* _YOUR ASSIGNMENT_: Could you print every record below exactly as written?

* _EXTRACTED MATERIAL_:
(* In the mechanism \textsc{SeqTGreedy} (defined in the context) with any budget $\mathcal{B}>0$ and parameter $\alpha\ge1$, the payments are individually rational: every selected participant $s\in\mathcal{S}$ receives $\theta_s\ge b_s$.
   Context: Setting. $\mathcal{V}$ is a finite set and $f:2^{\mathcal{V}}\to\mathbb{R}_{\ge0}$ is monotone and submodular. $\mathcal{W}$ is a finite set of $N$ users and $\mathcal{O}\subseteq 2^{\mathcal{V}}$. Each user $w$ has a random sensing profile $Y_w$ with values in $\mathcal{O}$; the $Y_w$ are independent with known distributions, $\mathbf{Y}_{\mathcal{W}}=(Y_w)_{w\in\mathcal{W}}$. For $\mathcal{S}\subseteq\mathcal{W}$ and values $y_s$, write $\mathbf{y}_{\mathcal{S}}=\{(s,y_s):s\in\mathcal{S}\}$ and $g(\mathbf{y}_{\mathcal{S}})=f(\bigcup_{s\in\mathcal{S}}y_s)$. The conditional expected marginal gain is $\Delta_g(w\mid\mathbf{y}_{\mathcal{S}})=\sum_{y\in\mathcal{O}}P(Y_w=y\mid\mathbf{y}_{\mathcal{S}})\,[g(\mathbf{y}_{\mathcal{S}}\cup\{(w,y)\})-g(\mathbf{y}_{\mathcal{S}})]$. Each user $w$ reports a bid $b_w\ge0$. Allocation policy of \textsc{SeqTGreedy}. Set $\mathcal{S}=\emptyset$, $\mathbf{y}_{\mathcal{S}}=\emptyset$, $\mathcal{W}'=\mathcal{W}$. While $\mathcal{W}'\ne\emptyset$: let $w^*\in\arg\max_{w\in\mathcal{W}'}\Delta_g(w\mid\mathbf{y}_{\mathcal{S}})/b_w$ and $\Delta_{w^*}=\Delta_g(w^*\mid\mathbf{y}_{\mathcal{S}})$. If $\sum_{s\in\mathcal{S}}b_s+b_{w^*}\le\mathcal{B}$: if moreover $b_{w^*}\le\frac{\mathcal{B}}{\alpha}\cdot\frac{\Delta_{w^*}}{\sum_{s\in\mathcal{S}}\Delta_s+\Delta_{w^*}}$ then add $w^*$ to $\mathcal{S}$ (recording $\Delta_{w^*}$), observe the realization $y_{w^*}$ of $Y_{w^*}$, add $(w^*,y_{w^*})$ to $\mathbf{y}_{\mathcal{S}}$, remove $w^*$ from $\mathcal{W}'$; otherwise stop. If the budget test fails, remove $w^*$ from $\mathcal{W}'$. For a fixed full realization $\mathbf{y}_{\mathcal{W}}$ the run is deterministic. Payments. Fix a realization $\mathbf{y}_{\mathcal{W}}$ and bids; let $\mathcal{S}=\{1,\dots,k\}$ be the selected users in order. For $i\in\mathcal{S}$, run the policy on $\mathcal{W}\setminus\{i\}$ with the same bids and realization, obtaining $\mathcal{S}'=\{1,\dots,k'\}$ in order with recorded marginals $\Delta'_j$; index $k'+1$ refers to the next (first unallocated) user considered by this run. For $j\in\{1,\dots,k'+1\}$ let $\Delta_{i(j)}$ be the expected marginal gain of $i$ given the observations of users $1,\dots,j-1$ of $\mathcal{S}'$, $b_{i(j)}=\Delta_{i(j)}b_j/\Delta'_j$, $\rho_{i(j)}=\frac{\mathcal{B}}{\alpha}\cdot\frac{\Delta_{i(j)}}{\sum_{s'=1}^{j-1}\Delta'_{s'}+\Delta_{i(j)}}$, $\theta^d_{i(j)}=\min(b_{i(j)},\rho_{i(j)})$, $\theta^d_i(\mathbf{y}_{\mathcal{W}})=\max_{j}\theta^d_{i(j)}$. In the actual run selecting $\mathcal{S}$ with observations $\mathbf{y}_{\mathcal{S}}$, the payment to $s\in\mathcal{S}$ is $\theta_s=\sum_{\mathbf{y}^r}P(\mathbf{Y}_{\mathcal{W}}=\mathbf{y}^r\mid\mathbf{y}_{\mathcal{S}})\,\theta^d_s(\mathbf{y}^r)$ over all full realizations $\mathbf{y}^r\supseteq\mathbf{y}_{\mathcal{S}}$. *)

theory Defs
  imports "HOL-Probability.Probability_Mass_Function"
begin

* _EXERCISE ANSWER_:
(* In the mechanism \textsc{SeqTGreedy} (defined in the context) with any budget $\mathcal{B}>0$ and parameter $\alpha\ge1$, the payments are individually rational: every selected participant $s\in\mathcal{S}$ receives $\theta_s\ge b_s$.
   Context: Setting. $\mathcal{V}$ is a finite set and $f:2^{\mathcal{V}}\to\mathbb{R}_{\ge0}$ is monotone and submodular. $\mathcal{W}$ is a finite set of $N$ users and $\mathcal{O}\subseteq 2^{\mathcal{V}}$. Each user $w$ has a random sensing profile $Y_w$ with values in $\mathcal{O}$; the $Y_w$ are independent with known distributions, $\mathbf{Y}_{\mathcal{W}}=(Y_w)_{w\in\mathcal{W}}$. For $\mathcal{S}\subseteq\mathcal{W}$ and values $y_s$, write $\mathbf{y}_{\mathcal{S}}=\{(s,y_s):s\in\mathcal{S}\}$ and $g(\mathbf{y}_{\mathcal{S}})=f(\bigcup_{s\in\mathcal{S}}y_s)$. The conditional expected marginal gain is $\Delta_g(w\mid\mathbf{y}_{\mathcal{S}})=\sum_{y\in\mathcal{O}}P(Y_w=y\mid\mathbf{y}_{\mathcal{S}})\,[g(\mathbf{y}_{\mathcal{S}}\cup\{(w,y)\})-g(\mathbf{y}_{\mathcal{S}})]$. Each user $w$ reports a bid $b_w\ge0$. Allocation policy of \textsc{SeqTGreedy}. Set $\mathcal{S}=\emptyset$, $\mathbf{y}_{\mathcal{S}}=\emptyset$, $\mathcal{W}'=\mathcal{W}$. While $\mathcal{W}'\ne\emptyset$: let $w^*\in\arg\max_{w\in\mathcal{W}'}\Delta_g(w\mid\mathbf{y}_{\mathcal{S}})/b_w$ and $\Delta_{w^*}=\Delta_g(w^*\mid\mathbf{y}_{\mathcal{S}})$. If $\sum_{s\in\mathcal{S}}b_s+b_{w^*}\le\mathcal{B}$: if moreover $b_{w^*}\le\frac{\mathcal{B}}{\alpha}\cdot\frac{\Delta_{w^*}}{\sum_{s\in\mathcal{S}}\Delta_s+\Delta_{w^*}}$ then add $w^*$ to $\mathcal{S}$ (recording $\Delta_{w^*}$), observe the realization $y_{w^*}$ of $Y_{w^*}$, add $(w^*,y_{w^*})$ to $\mathbf{y}_{\mathcal{S}}$, remove $w^*$ from $\mathcal{W}'$; otherwise stop. If the budget test fails, remove $w^*$ from $\mathcal{W}'$. For a fixed full realization $\mathbf{y}_{\mathcal{W}}$ the run is deterministic. Payments. Fix a realization $\mathbf{y}_{\mathcal{W}}$ and bids; let $\mathcal{S}=\{1,\dots,k\}$ be the selected users in order. For $i\in\mathcal{S}$, run the policy on $\mathcal{W}\setminus\{i\}$ with the same bids and realization, obtaining $\mathcal{S}'=\{1,\dots,k'\}$ in order with recorded marginals $\Delta'_j$; index $k'+1$ refers to the next (first unallocated) user considered by this run. For $j\in\{1,\dots,k'+1\}$ let $\Delta_{i(j)}$ be the expected marginal gain of $i$ given the observations of users $1,\dots,j-1$ of $\mathcal{S}'$, $b_{i(j)}=\Delta_{i(j)}b_j/\Delta'_j$, $\rho_{i(j)}=\frac{\mathcal{B}}{\alpha}\cdot\frac{\Delta_{i(j)}}{\sum_{s'=1}^{j-1}\Delta'_{s'}+\Delta_{i(j)}}$, $\theta^d_{i(j)}=\min(b_{i(j)},\rho_{i(j)})$, $\theta^d_i(\mathbf{y}_{\mathcal{W}})=\max_{j}\theta^d_{i(j)}$. In the actual run selecting $\mathcal{S}$ with observations $\mathbf{y}_{\mathcal{S}}$, the payment to $s\in\mathcal{S}$ is $\theta_s=\sum_{\mathbf{y}^r}P(\mathbf{Y}_{\mathcal{W}}=\mathbf{y}^r\mid\mathbf{y}_{\mathcal{S}})\,\theta^d_s(\mathbf{y}^r)$ over all full realizations $\mathbf{y}^r\supseteq\mathbf{y}_{\mathcal{S}}$. *)

theory Defs
  imports "HOL-Probability.Probability_Mass_Function"
begin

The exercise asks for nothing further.